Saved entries
(* Let $m=2$ with $\mathcal P=\{\mathcal P_1,\mathcal P_2\}$ and cluster natural frequencies $\omega_1\le\omega_2$. Let $\bar\omega=\omega_2-\omega_1$ and $$\bar a=\sum_{k\in\mathcal P_2}a_{ik}+\sum_{k\in\mathcal P_1}a_{jk}$$ for any $i\in\mathcal P_1$, $j\in\mathcal P_2$, and assume $\bar\omega>\bar a$. If $$J_{\text{intra}}=\partial F/\partial x_{\text{intra}}\big|_{x_{\text{intra}}=0}=\alpha I$$ for some constant $\alpha<0$, then $\mathcal S_{\mathcal P}$ is locally exponentially stable.
   Context: **Graph and dynamics.** Let $\mathcal G=(\mathcal V,\mathcal E)$ be a connected, undirected, weighted graph with $\mathcal V=\{1,\dots,n\}$ and no self-loops. Its adjacency matrix $A=[a_{ij}]$ is symmetric, with $a_{ij}>0$ if $(i,j)\in\mathcal E$ and $0$ otherwise. The Kuramoto dynamics are $$\dot\theta_i=\omega_i+\sum_{j\neq i}a_{ij}\sin(\theta_j-\theta_i),$$ with $\theta_i\in\mathbb S^1$ and $\omega_i>0$. **Partition and manifold.** $\mathcal P=\{\mathcal P_1,\dots,\mathcal P_m\}$ is a partition of $\mathcal V$, and each induced subgraph $\mathcal G_k=(\mathcal P_k,\mathcal E_k)$ is connected. The cluster synchronization manifold is $$\mathcal S_{\mathcal P}=\{\theta:\theta_i=\theta_j\ \text{for all } i,j\text{ in the same cluster}\}.$$ **Standing assumptions.** - (A2) Equal natural frequencies within each cluster; write $\omega_k$ for the value on $\mathcal P_k$. - (A3) $\sum_{k\in\mathcal P_\ell}(a_{ik}-a_{jk})=0$ for all $i,j\in\mathcal P_z$ and all $z\ne\ell$. **Stability notion.** $\mathcal S_{\mathcal P}$ is locally exponentially stable if there exist $\delta,c,\lambda>0$ with $$\mathrm{dist}(\theta(t),\mathcal S_{\mathcal P})\le ce^{-\lambda t}\,\mathrm{dist}(\theta(0),\mathcal S_{\mathcal P})$$ whenever $\mathrm{dist}(\theta(0),\mathcal S_{\mathcal P})<\delta$. **Coordinates.** Let $\mathcal T_k=(\mathcal P_k,\mathcal E_{\text{span},k})$ be spanning trees of $\mathcal G_k$. Let $\mathcal T$ be a spanning tree of $\mathcal G$ with edges $\bigcup_k\mathcal E_{\text{span},k}\cup\mathcal E_{\text{inter}}$ and $|\mathcal E_{\text{inter}}|=m-1$. Write $x_{ij}=\theta_j-\theta_i$. - $x_{\text{intra}}$ stacks $x_{ij}$ over $(i,j)\in\mathcal E_{\text{span},k}$, $i<j$, for $k=1,\dots,m$. - $x_{\text{inter}}$ stacks $x_{ij}$ over $(i,j)\in\mathcal E_{\text{inter}}$. - Every $x_{ij}$ equals a signed sum, $\mathrm{diff}(\mathrm p(i,j))$, of these coordinates along the unique path $\mathrm p(i,j)$ in $\mathcal T$. **Intra-cluster dynamics.** For $(i,j)\in\mathcal E_{\text{span},k}$, $\dot x_{ij}=F^{(k)}_{ij}+G^{(k)}_{ij}$, where $$F^{(k)}_{ij}=\sum_{z\in\mathcal P_k}\big[a_{jz}\sin(\mathrm{diff}(\mathrm p(j,z)))-a_{iz}\sin(\mathrm{diff}(\mathrm p(i,z)))\big],$$ and $G^{(k)}_{ij}$ is the same sum over $z\notin\mathcal P_k$. Stacking gives $\dot x_{\text{intra}}=F(x_{\text{intra}})+G(x_{\text{intra}},x_{\text{inter}})$. *)

theory Defs
  imports "HOL-Analysis.Analysis"
begin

→ WHAT NEEDS TO BE DONE
Repeat all the records without altering a single word.

→ ANSWER BOX
(* Let $m=2$ with $\mathcal P=\{\mathcal P_1,\mathcal P_2\}$ and cluster natural frequencies $\omega_1\le\omega_2$. Let $\bar\omega=\omega_2-\omega_1$ and $$\bar a=\sum_{k\in\mathcal P_2}a_{ik}+\sum_{k\in\mathcal P_1}a_{jk}$$ for any $i\in\mathcal P_1$, $j\in\mathcal P_2$, and assume $\bar\omega>\bar a$. If $$J_{\text{intra}}=\partial F/\partial x_{\text{intra}}\big|_{x_{\text{intra}}=0}=\alpha I$$ for some constant $\alpha<0$, then $\mathcal S_{\mathcal P}$ is locally exponentially stable.
   Context: **Graph and dynamics.** Let $\mathcal G=(\mathcal V,\mathcal E)$ be a connected, undirected, weighted graph with $\mathcal V=\{1,\dots,n\}$ and no self-loops. Its adjacency matrix $A=[a_{ij}]$ is symmetric, with $a_{ij}>0$ if $(i,j)\in\mathcal E$ and $0$ otherwise. The Kuramoto dynamics are $$\dot\theta_i=\omega_i+\sum_{j\neq i}a_{ij}\sin(\theta_j-\theta_i),$$ with $\theta_i\in\mathbb S^1$ and $\omega_i>0$. **Partition and manifold.** $\mathcal P=\{\mathcal P_1,\dots,\mathcal P_m\}$ is a partition of $\mathcal V$, and each induced subgraph $\mathcal G_k=(\mathcal P_k,\mathcal E_k)$ is connected. The cluster synchronization manifold is $$\mathcal S_{\mathcal P}=\{\theta:\theta_i=\theta_j\ \text{for all } i,j\text{ in the same cluster}\}.$$ **Standing assumptions.** - (A2) Equal natural frequencies within each cluster; write $\omega_k$ for the value on $\mathcal P_k$. - (A3) $\sum_{k\in\mathcal P_\ell}(a_{ik}-a_{jk})=0$ for all $i,j\in\mathcal P_z$ and all $z\ne\ell$. **Stability notion.** $\mathcal S_{\mathcal P}$ is locally exponentially stable if there exist $\delta,c,\lambda>0$ with $$\mathrm{dist}(\theta(t),\mathcal S_{\mathcal P})\le ce^{-\lambda t}\,\mathrm{dist}(\theta(0),\mathcal S_{\mathcal P})$$ whenever $\mathrm{dist}(\theta(0),\mathcal S_{\mathcal P})<\delta$. **Coordinates.** Let $\mathcal T_k=(\mathcal P_k,\mathcal E_{\text{span},k})$ be spanning trees of $\mathcal G_k$. Let $\mathcal T$ be a spanning tree of $\mathcal G$ with edges $\bigcup_k\mathcal E_{\text{span},k}\cup\mathcal E_{\text{inter}}$ and $|\mathcal E_{\text{inter}}|=m-1$. Write $x_{ij}=\theta_j-\theta_i$. - $x_{\text{intra}}$ stacks $x_{ij}$ over $(i,j)\in\mathcal E_{\text{span},k}$, $i<j$, for $k=1,\dots,m$. - $x_{\text{inter}}$ stacks $x_{ij}$ over $(i,j)\in\mathcal E_{\text{inter}}$. - Every $x_{ij}$ equals a signed sum, $\mathrm{diff}(\mathrm p(i,j))$, of these coordinates along the unique path $\mathrm p(i,j)$ in $\mathcal T$. **Intra-cluster dynamics.** For $(i,j)\in\mathcal E_{\text{span},k}$, $\dot x_{ij}=F^{(k)}_{ij}+G^{(k)}_{ij}$, where $$F^{(k)}_{ij}=\sum_{z\in\mathcal P_k}\big[a_{jz}\sin(\mathrm{diff}(\mathrm p(j,z)))-a_{iz}\sin(\mathrm{diff}(\mathrm p(i,z)))\big],$$ and $G^{(k)}_{ij}$ is the same sum over $z\notin\mathcal P_k$. Stacking gives $\dot x_{\text{intra}}=F(x_{\text{intra}})+G(x_{\text{intra}},x_{\text{inter}})$. *)

theory Defs
  imports "HOL-Analysis.Analysis"
begin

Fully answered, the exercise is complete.